### PROBLEM
Go over the data and copy out each line with "open" in it.

━━━━━ MATERIAL TO PROCESS ━━━━━

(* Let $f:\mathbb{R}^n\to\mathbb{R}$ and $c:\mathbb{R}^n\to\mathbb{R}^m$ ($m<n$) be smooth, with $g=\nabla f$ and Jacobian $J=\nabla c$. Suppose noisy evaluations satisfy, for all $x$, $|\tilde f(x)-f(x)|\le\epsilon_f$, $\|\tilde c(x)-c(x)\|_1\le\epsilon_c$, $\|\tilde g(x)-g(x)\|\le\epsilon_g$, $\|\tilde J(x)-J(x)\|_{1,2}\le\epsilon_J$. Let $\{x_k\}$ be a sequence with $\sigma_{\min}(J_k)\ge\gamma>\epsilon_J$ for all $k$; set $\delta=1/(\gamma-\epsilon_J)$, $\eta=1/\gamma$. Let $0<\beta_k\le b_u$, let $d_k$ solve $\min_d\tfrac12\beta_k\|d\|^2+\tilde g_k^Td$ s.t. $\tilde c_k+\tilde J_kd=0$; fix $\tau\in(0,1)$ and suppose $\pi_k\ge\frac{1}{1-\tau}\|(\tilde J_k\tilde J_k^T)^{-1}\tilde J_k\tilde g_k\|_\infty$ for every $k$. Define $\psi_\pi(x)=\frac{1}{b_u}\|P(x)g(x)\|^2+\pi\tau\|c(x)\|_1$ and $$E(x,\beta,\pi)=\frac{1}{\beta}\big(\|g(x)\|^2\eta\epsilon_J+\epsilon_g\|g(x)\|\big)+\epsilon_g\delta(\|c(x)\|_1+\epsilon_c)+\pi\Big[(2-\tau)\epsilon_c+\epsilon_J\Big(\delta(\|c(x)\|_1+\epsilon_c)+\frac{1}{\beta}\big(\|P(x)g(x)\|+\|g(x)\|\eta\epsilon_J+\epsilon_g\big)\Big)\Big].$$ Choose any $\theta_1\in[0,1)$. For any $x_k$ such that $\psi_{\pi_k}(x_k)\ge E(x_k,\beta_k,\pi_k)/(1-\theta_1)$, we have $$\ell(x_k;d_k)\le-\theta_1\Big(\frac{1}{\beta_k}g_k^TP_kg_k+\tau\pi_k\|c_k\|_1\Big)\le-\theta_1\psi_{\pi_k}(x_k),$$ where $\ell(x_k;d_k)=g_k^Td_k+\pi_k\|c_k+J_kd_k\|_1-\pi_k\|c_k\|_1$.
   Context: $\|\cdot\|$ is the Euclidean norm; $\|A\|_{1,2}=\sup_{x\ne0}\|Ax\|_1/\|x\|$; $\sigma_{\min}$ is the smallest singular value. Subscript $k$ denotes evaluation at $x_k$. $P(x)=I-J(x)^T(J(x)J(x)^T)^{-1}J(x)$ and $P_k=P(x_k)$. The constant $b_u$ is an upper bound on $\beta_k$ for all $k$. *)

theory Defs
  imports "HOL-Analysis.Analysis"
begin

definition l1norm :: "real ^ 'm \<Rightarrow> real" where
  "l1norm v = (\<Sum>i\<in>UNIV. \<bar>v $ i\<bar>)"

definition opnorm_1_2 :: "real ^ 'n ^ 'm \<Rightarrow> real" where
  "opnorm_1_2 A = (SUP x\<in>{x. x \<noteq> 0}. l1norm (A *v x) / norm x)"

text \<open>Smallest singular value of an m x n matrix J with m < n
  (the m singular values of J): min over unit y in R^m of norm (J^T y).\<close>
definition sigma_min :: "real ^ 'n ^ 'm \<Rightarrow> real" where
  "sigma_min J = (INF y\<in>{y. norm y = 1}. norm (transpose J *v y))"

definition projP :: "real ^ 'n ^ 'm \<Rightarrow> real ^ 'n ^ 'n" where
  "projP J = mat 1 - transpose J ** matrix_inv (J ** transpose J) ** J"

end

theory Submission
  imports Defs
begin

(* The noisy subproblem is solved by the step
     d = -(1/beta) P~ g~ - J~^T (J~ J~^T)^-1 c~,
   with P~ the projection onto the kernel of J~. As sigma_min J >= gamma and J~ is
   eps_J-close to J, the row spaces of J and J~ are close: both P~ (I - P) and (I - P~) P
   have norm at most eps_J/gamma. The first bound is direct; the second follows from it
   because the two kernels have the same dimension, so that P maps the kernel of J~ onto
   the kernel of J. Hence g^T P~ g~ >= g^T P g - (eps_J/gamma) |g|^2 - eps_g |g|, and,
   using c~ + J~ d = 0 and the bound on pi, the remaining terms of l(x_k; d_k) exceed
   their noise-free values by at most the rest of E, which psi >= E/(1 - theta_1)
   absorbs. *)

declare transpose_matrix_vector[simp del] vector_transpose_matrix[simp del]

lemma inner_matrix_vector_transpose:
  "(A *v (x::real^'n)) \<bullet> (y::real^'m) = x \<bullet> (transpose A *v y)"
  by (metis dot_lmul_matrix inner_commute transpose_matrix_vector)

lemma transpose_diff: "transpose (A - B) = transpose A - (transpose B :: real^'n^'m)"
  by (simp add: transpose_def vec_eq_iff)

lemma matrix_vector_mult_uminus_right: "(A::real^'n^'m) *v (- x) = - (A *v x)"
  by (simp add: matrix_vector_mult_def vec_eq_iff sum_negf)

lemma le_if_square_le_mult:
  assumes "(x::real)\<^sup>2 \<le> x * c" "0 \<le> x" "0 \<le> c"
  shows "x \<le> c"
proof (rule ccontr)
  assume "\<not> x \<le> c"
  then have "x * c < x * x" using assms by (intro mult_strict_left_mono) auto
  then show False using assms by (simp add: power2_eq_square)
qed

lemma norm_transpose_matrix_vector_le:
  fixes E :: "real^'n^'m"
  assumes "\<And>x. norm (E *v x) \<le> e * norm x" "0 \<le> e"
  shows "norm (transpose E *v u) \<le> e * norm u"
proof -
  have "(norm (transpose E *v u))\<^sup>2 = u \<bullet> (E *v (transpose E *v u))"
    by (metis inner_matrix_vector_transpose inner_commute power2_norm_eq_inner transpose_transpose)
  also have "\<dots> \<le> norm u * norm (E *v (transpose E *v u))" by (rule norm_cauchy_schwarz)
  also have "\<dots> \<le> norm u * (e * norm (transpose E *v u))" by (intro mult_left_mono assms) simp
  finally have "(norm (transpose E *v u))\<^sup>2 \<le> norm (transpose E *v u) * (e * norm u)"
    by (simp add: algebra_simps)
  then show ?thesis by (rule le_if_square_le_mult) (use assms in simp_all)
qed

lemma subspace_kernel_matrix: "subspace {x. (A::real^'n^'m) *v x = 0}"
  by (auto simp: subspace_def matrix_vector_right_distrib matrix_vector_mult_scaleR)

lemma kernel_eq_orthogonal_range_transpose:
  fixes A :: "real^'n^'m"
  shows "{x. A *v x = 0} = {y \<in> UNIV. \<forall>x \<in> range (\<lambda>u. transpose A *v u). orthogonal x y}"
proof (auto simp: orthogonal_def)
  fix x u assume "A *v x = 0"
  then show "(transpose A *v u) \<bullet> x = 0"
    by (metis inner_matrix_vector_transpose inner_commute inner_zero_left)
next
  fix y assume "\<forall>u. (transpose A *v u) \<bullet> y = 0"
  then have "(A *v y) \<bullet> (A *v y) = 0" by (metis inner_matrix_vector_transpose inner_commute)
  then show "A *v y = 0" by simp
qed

━━━━━
━━━━━ MATERIAL TO PROCESS ━━━━━

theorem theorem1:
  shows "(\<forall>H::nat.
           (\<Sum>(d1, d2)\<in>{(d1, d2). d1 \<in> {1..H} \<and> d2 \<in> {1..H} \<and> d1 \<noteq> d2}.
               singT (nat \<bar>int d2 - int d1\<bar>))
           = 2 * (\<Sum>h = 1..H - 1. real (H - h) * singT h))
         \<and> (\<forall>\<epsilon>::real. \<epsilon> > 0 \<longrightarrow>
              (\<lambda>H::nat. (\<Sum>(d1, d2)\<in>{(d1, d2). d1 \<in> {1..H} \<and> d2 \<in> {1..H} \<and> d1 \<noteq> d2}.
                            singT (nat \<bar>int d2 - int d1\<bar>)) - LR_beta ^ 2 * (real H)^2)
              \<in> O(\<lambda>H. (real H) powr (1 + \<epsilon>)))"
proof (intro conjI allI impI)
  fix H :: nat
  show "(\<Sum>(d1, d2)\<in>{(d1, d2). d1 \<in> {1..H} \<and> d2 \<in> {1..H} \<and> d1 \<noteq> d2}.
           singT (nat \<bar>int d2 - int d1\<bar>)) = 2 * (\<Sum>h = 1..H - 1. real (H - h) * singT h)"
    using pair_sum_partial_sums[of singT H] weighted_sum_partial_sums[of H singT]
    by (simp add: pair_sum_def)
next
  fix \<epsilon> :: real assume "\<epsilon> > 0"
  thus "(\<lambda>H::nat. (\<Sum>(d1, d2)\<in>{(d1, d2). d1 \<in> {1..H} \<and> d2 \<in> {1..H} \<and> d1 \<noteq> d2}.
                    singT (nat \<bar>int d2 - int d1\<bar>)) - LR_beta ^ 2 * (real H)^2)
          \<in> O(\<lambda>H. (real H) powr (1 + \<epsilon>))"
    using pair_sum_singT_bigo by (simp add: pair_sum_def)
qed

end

━━━━━
━━━━━ MATERIAL TO PROCESS ━━━━━

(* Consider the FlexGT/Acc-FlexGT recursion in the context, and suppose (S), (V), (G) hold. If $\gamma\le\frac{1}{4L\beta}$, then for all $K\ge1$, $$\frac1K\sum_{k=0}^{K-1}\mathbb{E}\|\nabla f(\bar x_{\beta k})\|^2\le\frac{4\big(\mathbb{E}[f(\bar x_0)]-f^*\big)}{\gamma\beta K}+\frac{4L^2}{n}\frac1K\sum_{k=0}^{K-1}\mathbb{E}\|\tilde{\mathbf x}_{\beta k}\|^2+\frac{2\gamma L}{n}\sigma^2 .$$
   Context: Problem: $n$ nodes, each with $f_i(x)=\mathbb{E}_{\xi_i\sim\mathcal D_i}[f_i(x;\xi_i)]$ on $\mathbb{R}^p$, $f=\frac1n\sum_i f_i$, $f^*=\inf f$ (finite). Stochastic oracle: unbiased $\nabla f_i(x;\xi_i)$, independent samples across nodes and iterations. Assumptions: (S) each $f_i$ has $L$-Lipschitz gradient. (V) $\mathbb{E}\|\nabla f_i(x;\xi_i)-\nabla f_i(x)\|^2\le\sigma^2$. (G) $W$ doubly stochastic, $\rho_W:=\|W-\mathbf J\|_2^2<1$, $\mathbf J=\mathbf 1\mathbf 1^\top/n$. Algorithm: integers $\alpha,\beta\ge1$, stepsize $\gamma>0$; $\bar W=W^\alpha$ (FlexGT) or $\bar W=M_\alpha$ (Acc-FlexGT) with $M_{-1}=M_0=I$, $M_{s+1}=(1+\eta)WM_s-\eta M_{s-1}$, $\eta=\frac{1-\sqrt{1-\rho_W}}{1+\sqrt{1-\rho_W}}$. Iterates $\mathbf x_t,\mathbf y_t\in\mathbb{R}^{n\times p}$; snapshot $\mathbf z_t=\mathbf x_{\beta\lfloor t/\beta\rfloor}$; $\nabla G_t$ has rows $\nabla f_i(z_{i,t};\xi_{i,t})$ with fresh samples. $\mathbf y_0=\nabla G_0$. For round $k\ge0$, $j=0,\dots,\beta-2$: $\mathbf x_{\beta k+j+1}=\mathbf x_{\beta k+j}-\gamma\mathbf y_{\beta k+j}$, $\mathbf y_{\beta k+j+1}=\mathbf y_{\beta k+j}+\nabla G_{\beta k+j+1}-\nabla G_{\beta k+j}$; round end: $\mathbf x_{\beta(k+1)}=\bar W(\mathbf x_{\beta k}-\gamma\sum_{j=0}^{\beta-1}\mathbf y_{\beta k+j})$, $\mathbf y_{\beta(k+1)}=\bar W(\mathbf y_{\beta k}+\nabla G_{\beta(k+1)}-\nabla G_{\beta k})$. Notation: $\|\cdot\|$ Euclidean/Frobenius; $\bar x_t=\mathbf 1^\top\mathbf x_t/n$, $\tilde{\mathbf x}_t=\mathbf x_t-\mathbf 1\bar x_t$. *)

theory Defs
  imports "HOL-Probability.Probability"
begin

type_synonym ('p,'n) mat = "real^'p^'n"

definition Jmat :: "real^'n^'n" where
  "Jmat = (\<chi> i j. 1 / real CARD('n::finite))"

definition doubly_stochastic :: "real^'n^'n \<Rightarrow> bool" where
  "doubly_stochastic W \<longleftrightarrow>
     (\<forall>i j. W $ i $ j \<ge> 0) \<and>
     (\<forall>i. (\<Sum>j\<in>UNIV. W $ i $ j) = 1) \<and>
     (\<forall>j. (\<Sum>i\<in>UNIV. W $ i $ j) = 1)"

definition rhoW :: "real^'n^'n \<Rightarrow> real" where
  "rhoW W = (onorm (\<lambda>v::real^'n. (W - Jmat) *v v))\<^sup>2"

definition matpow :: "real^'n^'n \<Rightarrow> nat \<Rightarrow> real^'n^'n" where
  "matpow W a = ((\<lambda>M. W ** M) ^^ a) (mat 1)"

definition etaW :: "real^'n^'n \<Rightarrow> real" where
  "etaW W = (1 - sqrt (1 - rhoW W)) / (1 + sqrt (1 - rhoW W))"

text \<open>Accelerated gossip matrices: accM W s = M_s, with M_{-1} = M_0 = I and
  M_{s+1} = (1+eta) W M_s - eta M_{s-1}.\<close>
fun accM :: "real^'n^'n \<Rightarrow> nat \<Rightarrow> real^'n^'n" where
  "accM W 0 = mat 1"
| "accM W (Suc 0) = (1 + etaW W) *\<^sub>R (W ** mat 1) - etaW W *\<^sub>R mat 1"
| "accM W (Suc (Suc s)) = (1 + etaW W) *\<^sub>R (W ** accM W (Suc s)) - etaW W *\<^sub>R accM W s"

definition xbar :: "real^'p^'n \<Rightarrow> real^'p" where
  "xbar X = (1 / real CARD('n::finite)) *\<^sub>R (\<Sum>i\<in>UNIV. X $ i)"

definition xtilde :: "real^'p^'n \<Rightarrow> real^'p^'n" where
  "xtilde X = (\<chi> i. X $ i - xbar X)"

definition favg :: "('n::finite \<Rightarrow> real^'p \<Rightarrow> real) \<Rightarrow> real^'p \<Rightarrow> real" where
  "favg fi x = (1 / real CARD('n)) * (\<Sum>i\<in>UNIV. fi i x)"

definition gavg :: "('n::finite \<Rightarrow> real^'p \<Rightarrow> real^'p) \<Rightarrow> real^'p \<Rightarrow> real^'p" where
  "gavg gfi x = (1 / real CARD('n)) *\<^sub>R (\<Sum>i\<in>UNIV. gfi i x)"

━━━━━

### RESULT BELOW
text \<open>Smallest singular value of an m x n matrix J with m < n
text \<open>Accelerated gossip matrices: accM W s = M_s, with M_{-1} = M_0 = I and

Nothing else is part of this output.